### Brief
From the entries that follow, copy exactly the lines beginning at the line holding "(2*(3 - 2*\<alpha>)*(5" and continuing through the line holding "(sqrt x)) \<and>".

### Records supplied
§ §

(* For any $\alpha\in(0,1)$, the map $\mathscr R_\alpha:\mathcal V_1\to\mathcal V_1$ is continuous with respect to the norm $f\mapsto\|\rho f\|_{L^\infty}$.
   Context: Fix $\alpha\in(0,1)$ and set $c_{1,\alpha}=\frac{2^{2\alpha-1}\Gamma(\frac12+\alpha)}{\sqrt{\pi}\,\Gamma(1-\alpha)}$. For $\gamma\in(-1,1)$ define $F_{1,\gamma}$ on $(0,\infty)$ by $F_{1,\gamma}(t)=\frac{2\gamma(2+\gamma)t-(1+\gamma-t)(1+t)|1+t|^{\gamma}+(1-t)(1+\gamma+t)|1-t|^{\gamma}}{\gamma(1+\gamma)(2+\gamma)t}$ if $\gamma\neq0$ and $F_{1,0}(t)=1-\frac{1-t^2}{2t}\log\left|\frac{t+1}{t-1}\right|$, extended by continuity to $t=0$ (value $0$) and to $t=1$, and evenly to $t<0$. Let $\rho(x)=(1+|x|)^{-\alpha}$ and $\mathcal V_0=\{f\in C(\mathbb{R}): f\text{ even},\ \|\rho f\|_{L^\infty}<\infty\}$. Let $\eta=2\left(\frac{3}{2(3-2\alpha)(5-2\alpha)(1+4^{\alpha})}\right)^{1/\min(\alpha,1-\alpha)}$. $\mathcal V_1$ is the set of $f\in\mathcal V_0$ such that $f(0)=1$; $f\ge0$ and $f$ is non-increasing on $[0,\infty)$; $x\mapsto f(\sqrt x)$ is convex on $[0,\infty)$; $f(x)\ge\max(0,1-x^2)$ for all $x$; and $f'_-(1/2)\le-\eta$. For $f\in\mathcal V_1$ define $\mathscr T_\alpha(f)(x)=c_{1,\alpha}\int_0^\infty f'(\xi)\,\xi^{2-2\alpha}F_{1,1-2\alpha}(x/\xi)\,d\xi$, $c(f)=\frac{2\alpha(1+2\alpha)}{3}c_{1,\alpha}\int_0^\infty\frac{1-f(\xi)}{\xi^{1+2\alpha}}\,d\xi$, and $\mathscr R_\alpha(f)(x)=\max\big(0,1+\mathscr T_\alpha(f)(x)/c(f)\big)$; $\mathscr R_\alpha$ maps $\mathcal V_1$ into itself. *)

theory Defs
  imports "HOL-Analysis.Analysis"
begin

definition c1 :: "real \<Rightarrow> real" where
  "c1 \<alpha> = 2 powr (2*\<alpha> - 1) * Gamma (1/2 + \<alpha>) / (sqrt pi * Gamma (1 - \<alpha>))"

definition F1_raw :: "real \<Rightarrow> real \<Rightarrow> real" where
  "F1_raw \<gamma> t =
     (if \<gamma> \<noteq> 0 then
        (2*\<gamma>*(2+\<gamma>)*t - (1+\<gamma>-t)*(1+t)*\<bar>1+t\<bar> powr \<gamma>
           + (1-t)*(1+\<gamma>+t)*\<bar>1-t\<bar> powr \<gamma>) / (\<gamma>*(1+\<gamma>)*(2+\<gamma>)*t)
      else 1 - (1 - t^2)/(2*t) * ln \<bar>(t+1)/(t-1)\<bar>)"

text \<open>Extension by continuity to t = 0 (value 0) and t = 1, and evenly to t < 0.
  The value at t = 1 is the limit of the formula (gamma > -1).\<close>
definition F1 :: "real \<Rightarrow> real \<Rightarrow> real" where
  "F1 \<gamma> t =
     (if t = 0 then 0
      else if \<bar>t\<bar> = 1 then
        (if \<gamma> \<noteq> 0 then (2*(2+\<gamma>) - 2 powr (1+\<gamma>)) / ((1+\<gamma>)*(2+\<gamma>)) else 1)
      else F1_raw \<gamma> \<bar>t\<bar>)"

definition rho :: "real \<Rightarrow> real \<Rightarrow> real" where
  "rho \<alpha> x = (1 + \<bar>x\<bar>) powr (-\<alpha>)"

text \<open>The weighted norm f \<mapsto> \<parallel>rho f\<parallel>_{L^\<infinity>} (f is continuous, so ess sup = sup).\<close>
definition wnorm :: "real \<Rightarrow> (real \<Rightarrow> real) \<Rightarrow> real" where
  "wnorm \<alpha> f = (SUP x. \<bar>rho \<alpha> x * f x\<bar>)"

definition V0 :: "real \<Rightarrow> (real \<Rightarrow> real) set" where
  "V0 \<alpha> = {f. continuous_on UNIV f \<and> (\<forall>x. f (-x) = f x) \<and>
               bdd_above (range (\<lambda>x. \<bar>rho \<alpha> x * f x\<bar>))}"

definition eta :: "real \<Rightarrow> real" where
  "eta \<alpha> = 2 * (3 / (2*(3 - 2*\<alpha>)*(5 - 2*\<alpha>)*(1 + 4 powr \<alpha>))) powr (1 / min \<alpha> (1 - \<alpha>))"

definition V1 :: "real \<Rightarrow> (real \<Rightarrow> real) set" where
  "V1 \<alpha> = {f. f \<in> V0 \<alpha> \<and> f 0 = 1 \<and>
               (\<forall>x\<ge>0. f x \<ge> 0) \<and> (\<forall>x y. 0 \<le> x \<and> x \<le> y \<longrightarrow> f y \<le> f x) \<and>
               convex_on {0..} (\<lambda>x. f (sqrt x)) \<and>
               (\<forall>x. f x \<ge> max 0 (1 - x^2)) \<and>
               (\<exists>L. ((\<lambda>x. (f x - f (1/2)) / (x - 1/2)) \<longlongrightarrow> L) (at_left (1/2)) \<and> L \<le> - eta \<alpha>)}"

§ §

### Exercise response
  "eta \<alpha> = 2 * (3 / (2*(3 - 2*\<alpha>)*(5 - 2*\<alpha>)*(1 + 4 powr \<alpha>))) powr (1 / min \<alpha> (1 - \<alpha>))"

definition V1 :: "real \<Rightarrow> (real \<Rightarrow> real) set" where
  "V1 \<alpha> = {f. f \<in> V0 \<alpha> \<and> f 0 = 1 \<and>
               (\<forall>x\<ge>0. f x \<ge> 0) \<and> (\<forall>x y. 0 \<le> x \<and> x \<le> y \<longrightarrow> f y \<le> f x) \<and>
               convex_on {0..} (\<lambda>x. f (sqrt x)) \<and>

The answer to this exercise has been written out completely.